Are Automatic Feeder's such as Kenco, or Sweeney, LEGAL in Michigan?

Thanks.


----------



## Bob S (Mar 8, 2000)

Yes they are, as long as you follow all of the baiting rules. Limit 2 gallons per day, not in the TB area, etc. Can only be out from October 1 thru January 1.

NOTICE: this is not an endorsement of baiting, only an answer to your question.


----------



## flyrod4steelhead (Mar 14, 2002)

Thanks Bob S. That is all I needed.


----------



## oak woods (Jan 14, 2003)

i own 35 acres i built a feeder out of a 55 gal drum and put one of those automatic feeder on it (the ones that spins and spits the feed out) in my case i have corn and sunflowers seeds in it. so i can only have it up from october to january? i don't remember reading anything like that, but i might have miss something i'll read it again thanks


----------



## Bob S (Mar 8, 2000)

On page 19 of the Hunting and Trapping Guide.
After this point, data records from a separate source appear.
lemma fund_cut_if_meets_cut_off:
  assumes f: "f \<in> T" and "e \<in> D" "ends e \<inter> cut_off ends T u f \<noteq> {}"
  shows "e \<in> fund_cut V E ends T f"
proof -
  let ?C = "cut_off ends T u f" and ?R = "conn ends (T - {f})"
  obtain a b where ab: "e \<in> E" "ends e = {a, b}" "a \<in> X" "b \<in> Y" using D_edge[OF assms(2)] by metis
  obtain c d where cd: "ends e = {c, d}" "c \<in> ?C" using assms(3) ab(2) by auto
  have "\<not> (a \<in> ?C \<and> b \<in> ?C)" using cut_off_side[OF f] ab(3,4) X_Y_disjoint by blast
  then have "d \<notin> ?C" "d \<in> X \<union> Y" using cd ab(2-4) by (auto simp: doubleton_eq_iff)
  then have ud: "(u, d) \<in> ?R" by (intro linked_to_root_if_not_cut_off)
  have V: "c \<in> V" "d \<in> V" using graph_edge_ends(1)[OF graph ab(1)] cd(1) by auto
  have joins: ?thesis if "ends f = {s, t}" "(u, s) \<in> ?R" "(t, c) \<in> ?R" for s t
  proof -
    have "(s, d) \<in> ?R" using conn_sym[OF that(2)] ud by (rule rtrancl_trans)
    then have "c \<in> component V ends (T - {f}) t" "d \<in> component V ends (T - {f}) s"
      using that(3) V unfolding component_def by auto
    moreover have "ends f = {t, s}" using that(1) by (simp add: insert_commute)
    ultimately show ?thesis using ab(1) cd(1) unfolding fund_cut_def by blast
  qed
  obtain p q where pq: "ends f = {p, q}" using T_edge_ends[OF f] by blast
  then have qp: "ends f = {q, p}" by (simp add: insert_commute)
  from cut_off_root_side[OF cd(2) pq] show ?thesis
  proof
    assume "(u, p) \<in> ?R \<and> (q, c) \<in> ?R"
    then show ?thesis using joins[OF pq] by blast
  next
    assume "(u, q) \<in> ?R \<and> (p, c) \<in> ?R"
    then show ?thesis using joins[OF qp] by blast
  qed
qed

lemma fund_cut_inter_D:
  "f \<in> T \<Longrightarrow> fund_cut V E ends T f \<inter> D = {e\<in>D. ends e \<inter> cut_off ends T u f \<noteq> {}}"
  using fund_cut_meets_cut_off fund_cut_if_meets_cut_off by blast
lemma funpow_semiconj_on:
  assumes "\<forall>x\<in>A. g x \<in> A" "\<forall>x\<in>A. h (g x) = f (h x)" "x \<in> A"
  shows "(f ^^ k) (h x) = h ((g ^^ k) x)"
proof -
  have "(g ^^ k) x \<in> A \<and> (f ^^ k) (h x) = h ((g ^^ k) x)"
    by (induction k) (use assms in auto)
  then show ?thesis ..
qed

lemma funpow_semiconj_inverse_on:
  assumes "\<forall>x\<in>A. g x \<in> A" "\<forall>x\<in>A. f (h (g x)) = h x" "x \<in> A"
  shows "(f ^^ k) (h ((g ^^ k) x)) = h x"
proof -
  have "(g ^^ k) x \<in> A \<and> (f ^^ k) (h ((g ^^ k) x)) = h x"
  proof (induction k)
    case (Suc k)
    have "(f ^^ Suc k) (h ((g ^^ Suc k) x)) = (f ^^ k) (f (h (g ((g ^^ k) x))))"
      by (simp add: funpow_swap1)
    also have "\<dots> = h x" using Suc assms(2) by simp
    finally show ?case using Suc assms(1) by simp
  qed (use assms in simp)
  then show ?thesis ..
qed

lemma face_of_subset:
  assumes "x \<in> A" "\<forall>y\<in>A. face_succ r y \<in> A"
  shows "face_of r x \<subseteq> A"
proof -
  have "(face_succ r ^^ k) x \<in> A" for k
    by (induction k) (use assms in auto)
  then show ?thesis by (auto simp: face_of_def)
qed

text \<open>A duality h carries the rotation at a vertex to a facial walk (or its reverse),
  so every face is the h-image of the arcs leaving one vertex.\<close>

lemma face_of_self_duality:
  assumes rs: "rotation_system n r" and c: "c \<in> arcs n"
    and H: "(\<forall>a \<in> arcs n. h (rot r a) = face_succ r (h a)) \<or>
            (\<forall>a \<in> arcs n. face_succ r (h (rot r a)) = h a)"
  shows "face_of r (h c) = h ` out_arcs n (fst c)"
proof
  let ?A = "out_arcs n (fst c)"
  have c': "c \<in> ?A" using c by (simp add: out_arcs_def)
  have A_arcs: "?A \<subseteq> arcs n" by (auto simp: out_arcs_def)
  have rot_A: "\<forall>a\<in>?A. rot r a \<in> ?A" using rot_in_out_arcs[OF rs] by blast
  show "face_of r (h c) \<subseteq> h ` ?A"
  proof (rule face_of_subset)
    show "\<forall>y\<in>h ` ?A. face_succ r y \<in> h ` ?A"
    proof
      fix y assume "y \<in> h ` ?A"
      then obtain a where a: "a \<in> ?A" "y = h a" by blast
      obtain a' where a': "a' \<in> ?A" "rot r a' = a" using rot_surj_on_out_arcs[OF rs a(1)] .
      have "a \<in> arcs n" "a' \<in> arcs n" using a(1) a'(1) A_arcs by auto
      from H have "face_succ r (h a) = h (rot r a) \<or> face_succ r (h a) = h a'"
        using a' \<open>a \<in> arcs n\<close> \<open>a' \<in> arcs n\<close> by auto
      then show "face_succ r y \<in> h ` ?A"
        using a a'(1) rot_A by auto
    qed
  qed (use c' in simp)
  show "h ` ?A \<subseteq> face_of r (h c)"
  proof
    fix y assume "y \<in> h ` ?A"
    then obtain a where a: "a \<in> ?A" "y = h a" by blast
    from H have "\<exists>k. (face_succ r ^^ k) (h c) = h a"
    proof
      assume "\<forall>a \<in> arcs n. h (rot r a) = face_succ r (h a)"
      then have "\<forall>a\<in>?A. h (rot r a) = face_succ r (h a)" using A_arcs by blast
      moreover obtain k where "(rot r ^^ k) c = a" using rot_transitive_on_out_arcs[OF rs c' a(1)] .
      ultimately show ?thesis
        using funpow_semiconj_on[OF rot_A _ c', of h "face_succ r" k] by auto
    next
      assume "\<forall>a \<in> arcs n. face_succ r (h (rot r a)) = h a"
      then have "\<forall>a\<in>?A. face_succ r (h (rot r a)) = h a" using A_arcs by blast
      moreover obtain k where "(rot r ^^ k) a = c" using rot_transitive_on_out_arcs[OF rs a(1) c'] .
      ultimately show ?thesis
        using funpow_semiconj_inverse_on[OF rot_A _ a(1), of "face_succ r" h k] by auto
    qed
    then obtain k where "(face_succ r ^^ k) (h c) = h a" ..
    then have "y = (face_succ r ^^ k) (h c)" using a(2) by simp
    then show "y \<in> face_of r (h c)" unfolding face_of_def by blast
  qed
qed

lemma self_dual_faces:
  assumes rs: "rotation_system n r" and sd: "self_dual n r"
  shows "\<forall>a\<in>arcs n. \<exists>!F. F \<in> faces n r \<and> a \<in> F"
    and "\<forall>F\<in>faces n r. n - 1 \<le> card (F \<inter> arcs n)"
proof -
  obtain h where hb: "bij_betw h (arcs n) (arcs n)"
    and H: "(\<forall>a \<in> arcs n. h (rot r a) = face_succ r (h a)) \<or>
            (\<forall>a \<in> arcs n. face_succ r (h (rot r a)) = h a)"
    using sd unfolding self_dual_def by blast
  have him: "h ` arcs n = arcs n" and hinj: "inj_on h (arcs n)"
    using hb by (auto simp: bij_betw_def)
  have faces_eq: "faces n r = (\<lambda>c. h ` out_arcs n (fst c)) ` arcs n"
    unfolding faces_def by (subst him[symmetric]) (auto simp: image_image face_of_self_duality[OF rs _ H])
  have out_sub: "out_arcs n u \<subseteq> arcs n" for u by (auto simp: out_arcs_def)
  show "\<forall>a\<in>arcs n. \<exists>!F. F \<in> faces n r \<and> a \<in> F"
  proof
    fix a assume "a \<in> arcs n"
    then obtain c where c: "c \<in> arcs n" "a = h c" using him by force
    show "\<exists>!F. F \<in> faces n r \<and> a \<in> F"
    proof (rule ex1I[of _ "h ` out_arcs n (fst c)"])
      show "h ` out_arcs n (fst c) \<in> faces n r \<and> a \<in> h ` out_arcs n (fst c)"
        using c faces_eq by (auto simp: out_arcs_def)
      fix F assume F: "F \<in> faces n r \<and> a \<in> F"
      then obtain d d' where "d \<in> arcs n" "F = h ` out_arcs n (fst d)"
        "d' \<in> out_arcs n (fst d)" "a = h d'"
        using faces_eq by auto
      moreover have "d' = c"
        using inj_onD[OF hinj] c calculation out_sub by blast
      ultimately show "F = h ` out_arcs n (fst c)" by (auto simp: out_arcs_def)
    qed
  qed
  show "\<forall>F\<in>faces n r. n - 1 \<le> card (F \<inter> arcs n)"
  proof
    fix F assume "F \<in> faces n r"
    then obtain c where c: "c \<in> arcs n" "F = h ` out_arcs n (fst c)" using faces_eq by auto
    then have "F \<inter> arcs n = h ` out_arcs n (fst c)" using him out_sub by blast
    then have "card (F \<inter> arcs n) = card (out_arcs n (fst c))"
      using card_image[OF inj_on_subset[OF hinj out_sub]] by simp
    moreover have "fst c < n" using c(1) by (auto simp: arcs_def)
    ultimately show "n - 1 \<le> card (F \<inter> arcs n)" by (simp add: card_out_arcs)
  qed
qed

lemma tail_blocks:
  shows "\<forall>a\<in>arcs n. \<exists>!v. v \<in> {..<n} \<and> a \<in> {a. tail a = v}"
    and "\<forall>v\<in>{..<n}. n - 1 \<le> card ({a. tail a = v} \<inter> arcs n)"
proof -
  show "\<forall>a\<in>arcs n. \<exists>!v. v \<in> {..<n} \<and> a \<in> {a. tail a = v}"
    by (auto simp: arcs_def tail_def)
  have "{a. tail a = v} \<inter> arcs n = out_arcs n v" for v
    by (auto simp: out_arcs_def tail_def)
  then show "\<forall>v\<in>{..<n}. n - 1 \<le> card ({a. tail a = v} \<inter> arcs n)"
    by (simp add: card_out_arcs)
qed

lemma entry_bounded_vf_transition_power:
  assumes rs: "rotation_system n r" and sd: "self_dual n r" and n: "n \<ge> 2"
  shows "entry_bounded (arcs n) (\<lambda>a b. mpow (arcs n) (vf_transition n r) t a b - idm a b)
           (10 ^ t * (8 / real (n - 1)))"
proof -
  let ?S = "arcs n"
  let ?PF = "block_projection ?S (faces n r) (\<lambda>F. F)"
  let ?PV = "block_projection ?S {..<n} (\<lambda>v. {a. tail a = v})"
  have m: "n - 1 > 0" using n by simp
  have fF: "finite (faces n r)" by (simp add: faces_def finite_arcs)
  note PF = block_projection_bounds[OF finite_arcs fF self_dual_faces(1)[OF rs sd] m self_dual_faces(2)[OF rs sd]]
  note PV = block_projection_bounds[OF finite_arcs finite_lessThan tail_blocks(1) m tail_blocks(2)]
  have U_col: "col_sum_bounded ?S (vf_transition n r) (3 * 3)"
    unfolding vf_transition_eq
    using col_sum_bounded_mmult[OF col_sum_bounded_reflection[OF finite_arcs PF(2)]
        col_sum_bounded_reflection[OF finite_arcs PV(2)]] by simp
  have U_entry: "entry_bounded ?S (\<lambda>a b. vf_transition n r a b - idm a b) (8 * (1 / real (n - 1)))"
    unfolding vf_transition_eq by (rule entry_bounded_reflections_minus_idm[OF finite_arcs PF(1) PV])
  show ?thesis
    using entry_bounded_mpow_minus_idm[OF finite_arcs U_col _ U_entry] by simp
qed
lemma Gpr_C5_imp_C4:
  assumes "C5 (Gpr :: 'a set)"
  shows "C4 (Gpr :: 'a set)"
  unfolding C4_def
proof
  fix a :: 'a
  obtain b c n where c: "c \<in> Gpr" and a: "a = b * c" and "n \<ge> 1" and "a dvd c ^ n"
    using assms unfolding C5_def by meson
  \<comment> \<open>Applying (5) to the cofactor b as well yields d with d | b | d^m; moving the factor d
    of c over to b leaves a rest c' of c that is coprime to b d.\<close>
  obtain b' d m where d: "d \<in> Gpr" and "b = b' * d" and "m \<ge> 1" and "b dvd d ^ m"
    using assms unfolding C5_def by meson
  then have "d dvd b"
    by simp
  also have "b dvd a"
    using a by simp
  also have "a dvd c ^ n"
    by fact
  finally have "d dvd c ^ n" .
  then have "d dvd c"
    using Gpr_dvd_powerD[OF d _ \<open>n \<ge> 1\<close>] by blast
  then obtain c' where c': "c = d * c'" ..
  have "c' \<in> Gpr"
    using Gpr_dvd[OF c] c' by simp
  have "d ^ 2 dvd b * d"
    using \<open>d dvd b\<close> by (simp add: power2_eq_square mult_dvd_mono)
  have "b * d dvd d ^ (m + 1)"
    using mult_dvd_mono[OF \<open>b dvd d ^ m\<close> dvd_refl[of d]] by (simp add: mult.commute)
  have "relprime (b * d) c'"
    unfolding relprime_def
  proof clarify
    fix e assume "e dvd b * d" and "e dvd c'"
    then have "e \<in> Gpr"
      using Gpr_dvd[OF \<open>c' \<in> Gpr\<close>] by blast
    then have "e dvd d"
      using Gpr_dvd_powerD[OF _ dvd_trans[OF \<open>e dvd b * d\<close> \<open>b * d dvd d ^ (m + 1)\<close>]] by simp
    with \<open>e dvd c'\<close> have "e ^ 2 dvd c"
      using c' by (simp add: power2_eq_square mult_dvd_mono mult.commute)
    then show "munit e"
      using Gpr_imp_Sqf[OF c] Sqf_square_dvd_imp_munit by blast
  qed
  moreover have "a = (b * d) * c'"
    using a c' by (simp add: ac_simps)
  ultimately show "\<exists>b c. c \<in> Gpr \<and> relprime b c \<and> a = b * c \<and>
      (\<exists>d\<in>Gpr. d ^ 2 dvd b \<and> (\<exists>n. n \<ge> 1 \<and> b dvd d ^ n))"
    using \<open>c' \<in> Gpr\<close> d \<open>d ^ 2 dvd b * d\<close> \<open>b * d dvd d ^ (m + 1)\<close> by fastforce
qed

end

theorem proposition4p1:
  assumes cancel: "\<And>a b c :: 'a::comm_monoid_mult. a * c = b * c \<Longrightarrow> a = b"
  shows
   \<comment> \<open>(a)\<close>
   "(C1 (Sqf::'a set) \<longrightarrow> C0 (Sqf::'a set)) \<and>
    (C3 (Sqf::'a set) \<longrightarrow> C0 (Sqf::'a set)) \<and>
    (C2 (Sqf::'a set) \<longrightarrow> C1 (Sqf::'a set)) \<and>
    (C2 (Sqf::'a set) \<longrightarrow> C3 (Sqf::'a set)) \<and>
    (C2 (Sqf::'a set) \<longrightarrow> C5 (Sqf::'a set)) \<and>
    (C3 (Sqf::'a set) \<longrightarrow> C6 (Sqf::'a set)) \<and>
    (C1 (Gpr::'a set) \<longrightarrow> C0 (Gpr::'a set)) \<and>
    (C3 (Gpr::'a set) \<longrightarrow> C0 (Gpr::'a set)) \<and>
    (C2 (Gpr::'a set) \<longrightarrow> C1 (Gpr::'a set)) \<and>
    (C2 (Gpr::'a set) \<longrightarrow> C3 (Gpr::'a set)) \<and>
    (C2 (Gpr::'a set) \<longrightarrow> C5 (Gpr::'a set)) \<and>
    (C3 (Gpr::'a set) \<longrightarrow> C6 (Gpr::'a set)) \<and>
    (C5 (Gpr::'a set) \<longrightarrow> C4 (Gpr::'a set)) \<and>
    (C4 (Gpr::'a set) \<longrightarrow> C4' (Gpr::'a set)) \<and>
    (C5 (Gpr::'a set) \<longrightarrow> C5' (Gpr::'a set)) \<and>
    (C0 (Gpr::'a set) \<longrightarrow> C0 (Sqf::'a set)) \<and>
    (C1 (Gpr::'a set) \<longrightarrow> C1 (Sqf::'a set)) \<and>
    (C2 (Gpr::'a set) \<longrightarrow> C2 (Sqf::'a set)) \<and>
    (C3 (Gpr::'a set) \<longrightarrow> C3 (Sqf::'a set)) \<and>
    (C4 (Gpr::'a set) \<longrightarrow> C4 (Sqf::'a set)) \<and>
    (C5 (Gpr::'a set) \<longrightarrow> C5 (Sqf::'a set)) \<and>
    (C6 (Gpr::'a set) \<longrightarrow> C6 (Sqf::'a set))"
proof -
  from cancel have cancel': "\<forall>a b c :: 'a. a * c = b * c \<longrightarrow> a = b"
    by blast
  interpret sqf: divisor_closed_squarefree "Sqf :: 'a set"
    by (rule divisor_closed_squarefree_Sqf)
  interpret gpr: divisor_closed_squarefree "Gpr :: 'a set"
    by (rule divisor_closed_squarefree_Gpr[OF cancel'])
  have Gpr_Sqf: "(Gpr :: 'a set) \<subseteq> Sqf"
    using Gpr_imp_Sqf[OF cancel'] by blast
  show ?thesis
    by (intro conjI impI)
      (erule C1_imp_C0 C3_imp_C0 C3_imp_C6
        sqf.C2_imp_C1 sqf.C2_imp_C3 sqf.C2_imp_C5 gpr.C2_imp_C1 gpr.C2_imp_C3 gpr.C2_imp_C5
        Gpr_C5_imp_C4[OF cancel'] Gpr_C4_imp_C4' Gpr_C5_imp_C5'
        C0_mono[OF Gpr_Sqf] C1_mono[OF Gpr_Sqf] C2_mono[OF Gpr_Sqf] C3_mono[OF Gpr_Sqf]
        C4_mono[OF Gpr_Sqf] C5_mono[OF Gpr_Sqf] C6_mono[OF Gpr_Sqf])+
qed

end
lemma mult_code_recovery:
  fixes A :: "('n::finite \<Rightarrow> 'a::{finite,field}) set"
  assumes "d < m * (card (UNIV :: 'a set) - 1)" "interp_set_homog m A"
    and "y1 \<in> mult_code m d" "y2 \<in> mult_code m d"
    and "\<And>v c. v \<in> A \<Longrightarrow> c \<noteq> 0 \<Longrightarrow> y1 (\<lambda>j. w j + c * v j) = y2 (\<lambda>j. w j + c * v j)"
  shows "y1 w = y2 w"
proof -
  obtain P Q where PQ: "deg_le P d" "deg_le Q d" and y: "y1 = mult_word m P" "y2 = mult_word m Q"
    using assms(3,4) by (auto simp: mult_code_def)
  have "hasse (\<lambda>k. P k - Q k) i w = 0" if "wt i < m" for i
  proof (rule hasse_eq_0_at_centre[OF deg_le_diff[OF PQ] assms(1,2) _ that])
    fix v and c :: 'a and i' :: "'n \<Rightarrow> nat"
    assume "v \<in> A" "c \<noteq> 0" "wt i' < m"
    with assms(5) have "y1 (\<lambda>j. w j + c * v j) i' = y2 (\<lambda>j. w j + c * v j) i'"
      by simp
    with \<open>wt i' < m\<close> show "hasse (\<lambda>k. P k - Q k) i' (\<lambda>j. w j + c * v j) = 0"
      by (simp add: hasse_diff[OF PQ] y mult_word_def)
  qed
  then show ?thesis
    by (auto simp: y mult_word_def hasse_diff[OF PQ])
qed
(* Let $r>0$, $d>0$ with $d\sqrt{2}<r$, and let $X\subseteq\mathbb{R}^2$ be a bounded $r$-regular set whose boundary contains no point of $d\mathbb{Z}^2$. Let $Q$ be the $2d\times 2d$ square formed by a $2\times 2$ block of pixels of the lattice $d\mathbb{Z}^2$, all four of which are grey. Then $\partial X$ does not intersect all four edges (sides of length $2d$) of $Q$.
   Context: A closed set $X\subseteq\mathbb{R}^2$ is $r$-regular if for each $x\in\partial X$ there are two open balls of radius $r$, $B_r(x_b)\subseteq X$ and $B_r(x_w)\subseteq \mathbb{R}^2\setminus X$, with $\overline{B_r(x_b)}\cap\overline{B_r(x_w)}=\{x\}$. Pixels are the closed squares $[dk,d(k+1)]\times[dl,d(l+1)]$, $k,l\in\mathbb{Z}$. A pixel $P$ is black if $\mathrm{area}(X\cap P)=d^2$, white if $\mathrm{area}(X\cap P)=0$, and grey otherwise. *)

theory Defs
  imports "HOL-Analysis.Analysis"
begin

text \<open>Points of the plane are pairs of reals; the product metric is Euclidean.\<close>

definition r_regular :: "real \<Rightarrow> (real \<times> real) set \<Rightarrow> bool" where
  "r_regular r X \<longleftrightarrow> closed X \<and>
     (\<forall>x\<in>frontier X. \<exists>xb xw. ball xb r \<subseteq> X \<and> ball xw r \<subseteq> - X \<and>
                              cball xb r \<inter> cball xw r = {x})"

definition pixel :: "real \<Rightarrow> int \<Rightarrow> int \<Rightarrow> (real \<times> real) set" where
  "pixel d k l = {d * of_int k .. d * of_int (k + 1)} \<times> {d * of_int l .. d * of_int (l + 1)}"

definition area :: "(real \<times> real) set \<Rightarrow> real" where
  "area S = measure lborel S"

definition grey_pixel :: "real \<Rightarrow> (real \<times> real) set \<Rightarrow> int \<Rightarrow> int \<Rightarrow> bool" where
  "grey_pixel d X k l \<longleftrightarrow> area (X \<inter> pixel d k l) \<noteq> d\<^sup>2 \<and> area (X \<inter> pixel d k l) \<noteq> 0"

definition square_edges :: "real \<Rightarrow> real \<Rightarrow> real \<Rightarrow> (real \<times> real) set set" where
  "square_edges a b s =
     { {a..a+s} \<times> {b}, {a..a+s} \<times> {b+s}, {a} \<times> {b..b+s}, {a+s} \<times> {b..b+s} }"

end

theory Submission
  imports Defs
begin

text \<open>
  The centre c of the block is a lattice point, so it is not on the boundary of X. Let z be a
  boundary point nearest to c, at distance \<delta>, and v = (c - z) / \<delta>. The open ball of radius \<delta>
  around c lies on one side of the boundary, so the two r-balls tangent to the boundary at z are
  centred on the line through c and z, and neither contains a boundary point.

  Suppose the boundary met all four sides of the square. Up to a symmetry of the square, v lies in
  the first octant. Take boundary points R and L on the sides ahead of and behind c along the first
  axis, and a boundary point f in the grey pixel of the quadrant containing v. Since R, L and f
  avoid the tangent balls at z and r > d sqrt 2, elementary estimates confine v, \<delta>, f and L to
  narrow ranges, and there L and z cannot both avoid the two r-balls tangent to the boundary at f.
\<close>

section \<open>Tangent balls of r-regular sets\<close>

lemma dist_ge_if_ball_on_one_side:
  assumes "ball p r \<subseteq> X \<or> ball p r \<subseteq> - X" and "y \<in> frontier X"
  shows "r \<le> dist p y"
proof -
  obtain Y where "ball p r \<subseteq> Y" and "frontier Y = frontier X"
    using assms(1) frontier_complement by blast
  then have "ball p r \<subseteq> interior Y"
    by (simp add: interior_maximal)
  then show ?thesis
    using assms(2) \<open>frontier Y = frontier X\<close> by (force simp: frontier_def)
qed

lemma dist_ge_if_disjoint_balls:
  fixes a b :: "'a::real_normed_vector"
  assumes "ball a r \<inter> ball b s = {}" and "r > 0" and "s > 0"
  shows "r + s \<le> dist a b"
proof (rule ccontr)
  assume close: "\<not> r + s \<le> dist a b"
  define t where "t = r / (r + s)"
  define p where "p = a + t *\<^sub>R (b - a)"
  have t: "0 < t" "t < 1" "t * (r + s) = r" "(1 - t) * (r + s) = s"
    using assms by (auto simp: t_def field_simps)
  have "b - p = (1 - t) *\<^sub>R (b - a)"
    by (simp add: p_def algebra_simps)
  then have "dist a p = t * dist a b" "dist b p = (1 - t) * dist a b"
    using t by (simp_all add: p_def dist_norm norm_minus_commute)
  moreover have "t * dist a b < r" "(1 - t) * dist a b < s"
    using close t by (metis mult_strict_left_mono not_le diff_gt_0_iff_gt)+
  ultimately have "p \<in> ball a r \<inter> ball b s"
    by simp
  then show False
    using assms(1) by blast
qed

lemma cball_Int_cball_singleton:
  fixes a b x :: "'a::euclidean_space"
  assumes touch: "cball a r \<inter> cball b r = {x}"
  shows "x = midpoint a b" and "dist a x = r"
proof -
  have ax: "dist a x \<le> r" and bx: "dist b x \<le> r"
    using touch by auto
  have "dist a b \<le> dist a x + dist b x"
    by (rule dist_triangle2)
  then have "midpoint a b \<in> cball a r \<inter> cball b r"
    using ax bx by (simp add: dist_midpoint)
  then show mid: "x = midpoint a b"
    using touch by (metis singletonD)
  show "dist a x = r"
  proof (rule ccontr)
    assume "dist a x \<noteq> r"
    then have e: "r - dist a x > 0"
      using ax by simp
    obtain u :: 'a where u: "norm u = 1"
      using vector_choose_size zero_le_one by blast
    define y where "y = x + (r - dist a x) *\<^sub>R u"
    have "dist a y \<le> dist a x + dist x y" "dist b y \<le> dist b x + dist x y"
      by (rule dist_triangle)+
    moreover have "dist x y = r - dist a x"
      using u e by (simp add: y_def dist_norm)
    moreover have "dist b x = dist a x"
      using mid by (simp add: dist_midpoint)
    ultimately have "y \<in> cball a r \<inter> cball b r"
      by simp
    then have "y = x"
      using touch by blast
    then show False
      using u e by (simp add: y_def)
  qed
qed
*Baiting may only occur from October 1 to January 1.*


----------



## oak woods (Jan 14, 2003)

the very first line. just not paying attention to what it said, i guess that's how people get in trouble. I was told that if i mix sunflower seeds in with the corn that it would be considered a wildlife feeder meaning i would be able to keep it up year round. is this true?? the reason i made it out of a 55 gal drum is i figured that the squirrels and turkeys and others (Birds) would get the majority of the seed. thanks


----------



## boehr (Jan 31, 2000)

Only if you make it in such a way that deer can't get to it. Not true who ever told you that.


----------